== Directions ==
Send back exactly the lines from the opening line of the records below through the one with "(\<forall>x\<in>M_psi psi. \<forall>y\<in>M_psi".
--- Records for this task Enclosed Below ---
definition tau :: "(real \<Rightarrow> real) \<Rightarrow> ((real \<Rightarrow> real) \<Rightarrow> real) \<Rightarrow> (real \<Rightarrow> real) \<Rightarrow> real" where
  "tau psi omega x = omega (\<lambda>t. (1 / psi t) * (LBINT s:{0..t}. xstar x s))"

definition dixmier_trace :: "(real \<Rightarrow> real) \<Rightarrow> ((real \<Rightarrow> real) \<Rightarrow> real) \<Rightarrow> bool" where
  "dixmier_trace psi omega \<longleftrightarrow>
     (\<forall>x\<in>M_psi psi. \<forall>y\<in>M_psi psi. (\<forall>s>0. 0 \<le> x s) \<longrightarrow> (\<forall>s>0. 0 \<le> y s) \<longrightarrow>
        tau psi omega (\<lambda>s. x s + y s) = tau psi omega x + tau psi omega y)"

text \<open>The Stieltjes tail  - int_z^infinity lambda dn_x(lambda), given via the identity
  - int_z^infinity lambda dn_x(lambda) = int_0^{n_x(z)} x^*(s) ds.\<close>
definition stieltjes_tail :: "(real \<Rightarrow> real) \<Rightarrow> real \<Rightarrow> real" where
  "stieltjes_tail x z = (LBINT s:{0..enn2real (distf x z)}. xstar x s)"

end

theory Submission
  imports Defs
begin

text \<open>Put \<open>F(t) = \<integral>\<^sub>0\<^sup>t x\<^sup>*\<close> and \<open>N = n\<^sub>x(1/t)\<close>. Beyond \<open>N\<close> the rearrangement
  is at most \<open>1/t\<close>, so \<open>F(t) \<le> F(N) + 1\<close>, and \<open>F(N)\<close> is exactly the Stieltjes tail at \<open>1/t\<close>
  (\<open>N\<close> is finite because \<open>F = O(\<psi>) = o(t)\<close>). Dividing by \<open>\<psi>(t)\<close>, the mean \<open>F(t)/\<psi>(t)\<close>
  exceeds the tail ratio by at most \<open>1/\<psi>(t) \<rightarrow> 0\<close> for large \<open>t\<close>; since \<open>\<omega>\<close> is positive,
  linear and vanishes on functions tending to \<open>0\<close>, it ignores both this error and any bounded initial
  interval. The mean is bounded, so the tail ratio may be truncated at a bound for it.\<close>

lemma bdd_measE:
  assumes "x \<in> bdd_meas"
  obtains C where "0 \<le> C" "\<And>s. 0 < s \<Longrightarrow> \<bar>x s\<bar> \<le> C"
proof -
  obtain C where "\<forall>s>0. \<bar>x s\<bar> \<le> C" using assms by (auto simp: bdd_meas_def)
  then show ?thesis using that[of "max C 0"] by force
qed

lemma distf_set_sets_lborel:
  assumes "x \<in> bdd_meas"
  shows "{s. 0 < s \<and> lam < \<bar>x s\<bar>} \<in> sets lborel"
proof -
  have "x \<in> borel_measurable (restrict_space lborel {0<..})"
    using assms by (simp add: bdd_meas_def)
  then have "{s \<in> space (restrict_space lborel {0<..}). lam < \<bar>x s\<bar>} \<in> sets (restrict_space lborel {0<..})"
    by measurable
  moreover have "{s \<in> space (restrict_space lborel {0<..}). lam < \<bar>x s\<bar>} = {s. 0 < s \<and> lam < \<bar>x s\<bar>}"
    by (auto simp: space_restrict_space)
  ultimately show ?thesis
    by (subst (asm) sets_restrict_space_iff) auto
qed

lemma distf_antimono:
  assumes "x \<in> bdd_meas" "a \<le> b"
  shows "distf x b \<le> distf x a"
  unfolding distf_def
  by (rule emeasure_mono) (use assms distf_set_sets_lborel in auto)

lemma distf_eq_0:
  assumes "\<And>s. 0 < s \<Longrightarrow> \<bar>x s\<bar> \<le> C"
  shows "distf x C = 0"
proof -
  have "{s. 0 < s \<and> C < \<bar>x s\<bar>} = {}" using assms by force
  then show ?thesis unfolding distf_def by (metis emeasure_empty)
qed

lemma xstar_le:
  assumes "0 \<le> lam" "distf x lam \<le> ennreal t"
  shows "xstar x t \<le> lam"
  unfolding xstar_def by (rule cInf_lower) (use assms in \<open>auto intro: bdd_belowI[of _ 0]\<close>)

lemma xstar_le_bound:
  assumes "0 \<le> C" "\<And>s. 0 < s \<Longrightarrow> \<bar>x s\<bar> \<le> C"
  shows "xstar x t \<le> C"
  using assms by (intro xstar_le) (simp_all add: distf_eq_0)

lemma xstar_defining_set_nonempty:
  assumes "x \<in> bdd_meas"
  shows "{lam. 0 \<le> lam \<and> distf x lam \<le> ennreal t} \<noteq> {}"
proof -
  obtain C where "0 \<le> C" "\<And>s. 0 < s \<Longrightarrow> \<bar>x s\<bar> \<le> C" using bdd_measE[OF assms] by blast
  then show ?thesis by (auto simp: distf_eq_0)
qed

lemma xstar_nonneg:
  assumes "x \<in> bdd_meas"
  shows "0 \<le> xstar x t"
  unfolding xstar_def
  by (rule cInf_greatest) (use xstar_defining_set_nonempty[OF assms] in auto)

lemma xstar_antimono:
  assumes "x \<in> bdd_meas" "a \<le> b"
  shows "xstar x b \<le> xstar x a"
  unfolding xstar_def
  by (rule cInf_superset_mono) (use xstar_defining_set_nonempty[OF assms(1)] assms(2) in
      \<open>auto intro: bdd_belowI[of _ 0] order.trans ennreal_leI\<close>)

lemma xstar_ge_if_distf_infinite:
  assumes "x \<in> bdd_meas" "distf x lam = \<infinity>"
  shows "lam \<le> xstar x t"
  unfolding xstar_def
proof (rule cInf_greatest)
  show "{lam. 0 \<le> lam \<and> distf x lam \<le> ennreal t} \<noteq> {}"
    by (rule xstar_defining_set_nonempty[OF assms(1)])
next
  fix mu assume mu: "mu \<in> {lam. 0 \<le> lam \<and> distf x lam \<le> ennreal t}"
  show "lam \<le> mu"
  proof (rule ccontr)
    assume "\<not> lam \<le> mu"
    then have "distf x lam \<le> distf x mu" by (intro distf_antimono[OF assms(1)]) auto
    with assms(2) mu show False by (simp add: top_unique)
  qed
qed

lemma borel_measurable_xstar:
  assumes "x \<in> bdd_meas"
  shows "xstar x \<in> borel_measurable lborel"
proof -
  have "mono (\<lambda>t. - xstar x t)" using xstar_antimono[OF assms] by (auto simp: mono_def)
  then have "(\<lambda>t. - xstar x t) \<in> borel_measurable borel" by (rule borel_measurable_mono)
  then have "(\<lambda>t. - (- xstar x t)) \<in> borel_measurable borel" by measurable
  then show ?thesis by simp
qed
--- End of Enclosed Records for this task ---
== Result of this exercise ==
definition tau :: "(real \<Rightarrow> real) \<Rightarrow> ((real \<Rightarrow> real) \<Rightarrow> real) \<Rightarrow> (real \<Rightarrow> real) \<Rightarrow> real" where
  "tau psi omega x = omega (\<lambda>t. (1 / psi t) * (LBINT s:{0..t}. xstar x s))"

definition dixmier_trace :: "(real \<Rightarrow> real) \<Rightarrow> ((real \<Rightarrow> real) \<Rightarrow> real) \<Rightarrow> bool" where
  "dixmier_trace psi omega \<longleftrightarrow>
     (\<forall>x\<in>M_psi psi. \<forall>y\<in>M_psi psi. (\<forall>s>0. 0 \<le> x s) \<longrightarrow> (\<forall>s>0. 0 \<le> y s) \<longrightarrow>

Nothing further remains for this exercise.